▶ [What is needed]:
Set down exactly, from the records below, the line with "as its Jordan" through the line with "of \<open>G\<close> exactly", and nothing else.

★ ★ ★ ★ ★

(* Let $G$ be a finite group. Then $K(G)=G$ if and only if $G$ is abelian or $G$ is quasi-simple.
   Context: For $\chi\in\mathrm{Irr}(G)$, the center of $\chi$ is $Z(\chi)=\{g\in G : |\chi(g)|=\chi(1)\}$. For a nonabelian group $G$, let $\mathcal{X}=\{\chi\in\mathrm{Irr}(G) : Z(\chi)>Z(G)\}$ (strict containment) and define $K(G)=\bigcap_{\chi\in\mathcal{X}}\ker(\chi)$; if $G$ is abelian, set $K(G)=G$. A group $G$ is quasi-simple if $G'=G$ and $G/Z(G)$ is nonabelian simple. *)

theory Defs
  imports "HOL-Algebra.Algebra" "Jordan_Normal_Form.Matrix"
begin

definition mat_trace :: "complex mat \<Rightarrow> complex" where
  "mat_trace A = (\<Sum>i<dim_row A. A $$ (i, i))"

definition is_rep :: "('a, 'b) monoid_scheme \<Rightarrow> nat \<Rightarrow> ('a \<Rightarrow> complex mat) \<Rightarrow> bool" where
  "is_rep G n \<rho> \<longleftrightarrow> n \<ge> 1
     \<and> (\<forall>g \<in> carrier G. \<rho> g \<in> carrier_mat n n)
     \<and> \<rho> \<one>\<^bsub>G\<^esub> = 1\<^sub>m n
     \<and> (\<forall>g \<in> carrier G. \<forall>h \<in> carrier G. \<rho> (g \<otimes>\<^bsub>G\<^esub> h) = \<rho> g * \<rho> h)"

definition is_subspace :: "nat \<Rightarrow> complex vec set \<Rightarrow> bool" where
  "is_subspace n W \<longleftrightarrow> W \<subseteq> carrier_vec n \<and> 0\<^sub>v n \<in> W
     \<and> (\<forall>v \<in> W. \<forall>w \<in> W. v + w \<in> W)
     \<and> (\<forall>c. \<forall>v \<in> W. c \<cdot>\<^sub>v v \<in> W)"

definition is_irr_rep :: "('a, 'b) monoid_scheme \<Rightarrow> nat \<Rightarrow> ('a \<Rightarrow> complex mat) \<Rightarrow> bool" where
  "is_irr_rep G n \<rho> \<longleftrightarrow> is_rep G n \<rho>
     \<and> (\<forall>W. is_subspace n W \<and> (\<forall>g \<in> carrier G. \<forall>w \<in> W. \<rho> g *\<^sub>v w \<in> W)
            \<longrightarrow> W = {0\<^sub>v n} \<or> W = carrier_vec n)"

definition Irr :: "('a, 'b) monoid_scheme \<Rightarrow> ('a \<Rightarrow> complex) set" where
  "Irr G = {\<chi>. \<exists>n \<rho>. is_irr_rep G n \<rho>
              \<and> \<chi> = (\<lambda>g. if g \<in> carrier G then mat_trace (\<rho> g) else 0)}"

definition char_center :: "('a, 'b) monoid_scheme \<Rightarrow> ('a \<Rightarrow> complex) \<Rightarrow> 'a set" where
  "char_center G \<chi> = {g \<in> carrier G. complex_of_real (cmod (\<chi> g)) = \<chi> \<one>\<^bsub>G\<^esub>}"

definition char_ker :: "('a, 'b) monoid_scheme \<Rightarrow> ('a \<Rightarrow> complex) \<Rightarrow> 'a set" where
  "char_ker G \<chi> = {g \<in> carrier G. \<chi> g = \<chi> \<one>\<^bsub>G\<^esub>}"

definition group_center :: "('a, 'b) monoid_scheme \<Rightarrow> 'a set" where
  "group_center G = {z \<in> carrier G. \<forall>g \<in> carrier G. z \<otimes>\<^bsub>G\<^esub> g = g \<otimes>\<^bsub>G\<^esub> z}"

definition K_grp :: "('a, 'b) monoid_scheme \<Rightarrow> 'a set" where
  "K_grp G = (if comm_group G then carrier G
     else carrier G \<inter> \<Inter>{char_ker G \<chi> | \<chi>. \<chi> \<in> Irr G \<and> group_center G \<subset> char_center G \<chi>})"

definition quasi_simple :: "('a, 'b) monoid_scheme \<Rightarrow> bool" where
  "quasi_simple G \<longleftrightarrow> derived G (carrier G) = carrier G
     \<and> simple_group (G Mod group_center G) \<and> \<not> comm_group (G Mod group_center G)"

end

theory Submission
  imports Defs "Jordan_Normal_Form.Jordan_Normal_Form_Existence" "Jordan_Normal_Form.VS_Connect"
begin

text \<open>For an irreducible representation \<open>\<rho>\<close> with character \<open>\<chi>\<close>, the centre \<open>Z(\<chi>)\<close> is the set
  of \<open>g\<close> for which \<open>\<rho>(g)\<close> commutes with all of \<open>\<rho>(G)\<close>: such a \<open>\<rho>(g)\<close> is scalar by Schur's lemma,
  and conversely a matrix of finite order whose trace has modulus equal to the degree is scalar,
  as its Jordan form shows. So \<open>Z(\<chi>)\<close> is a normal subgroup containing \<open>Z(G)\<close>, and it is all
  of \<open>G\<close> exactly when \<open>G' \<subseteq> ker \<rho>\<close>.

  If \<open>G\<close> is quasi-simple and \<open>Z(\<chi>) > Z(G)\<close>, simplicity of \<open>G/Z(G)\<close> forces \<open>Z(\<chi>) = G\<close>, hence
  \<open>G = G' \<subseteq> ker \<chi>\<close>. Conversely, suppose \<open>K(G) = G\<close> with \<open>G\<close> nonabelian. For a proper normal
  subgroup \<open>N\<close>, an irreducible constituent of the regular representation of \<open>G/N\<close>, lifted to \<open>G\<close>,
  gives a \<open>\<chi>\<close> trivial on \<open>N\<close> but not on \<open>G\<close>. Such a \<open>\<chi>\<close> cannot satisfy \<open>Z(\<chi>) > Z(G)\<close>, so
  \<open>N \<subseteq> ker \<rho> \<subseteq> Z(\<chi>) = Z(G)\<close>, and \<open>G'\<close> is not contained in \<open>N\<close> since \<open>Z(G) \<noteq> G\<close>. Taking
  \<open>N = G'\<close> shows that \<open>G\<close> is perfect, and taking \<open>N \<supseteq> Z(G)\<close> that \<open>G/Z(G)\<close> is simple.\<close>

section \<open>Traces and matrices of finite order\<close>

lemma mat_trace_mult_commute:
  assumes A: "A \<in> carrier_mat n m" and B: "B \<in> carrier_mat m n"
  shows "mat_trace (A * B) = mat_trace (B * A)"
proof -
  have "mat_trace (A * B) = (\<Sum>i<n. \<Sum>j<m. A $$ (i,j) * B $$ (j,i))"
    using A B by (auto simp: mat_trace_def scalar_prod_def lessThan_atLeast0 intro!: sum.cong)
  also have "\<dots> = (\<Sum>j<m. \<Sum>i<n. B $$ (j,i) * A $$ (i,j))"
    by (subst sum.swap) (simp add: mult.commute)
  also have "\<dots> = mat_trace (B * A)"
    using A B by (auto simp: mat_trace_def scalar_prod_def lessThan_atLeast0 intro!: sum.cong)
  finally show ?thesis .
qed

★ ★ ★ ★ ★

▶ [Answer section]:
  as its Jordan form shows. So \<open>Z(\<chi>)\<close> is a normal subgroup containing \<open>Z(G)\<close>, and it is all
  of \<open>G\<close> exactly when \<open>G' \<subseteq> ker \<rho>\<close>.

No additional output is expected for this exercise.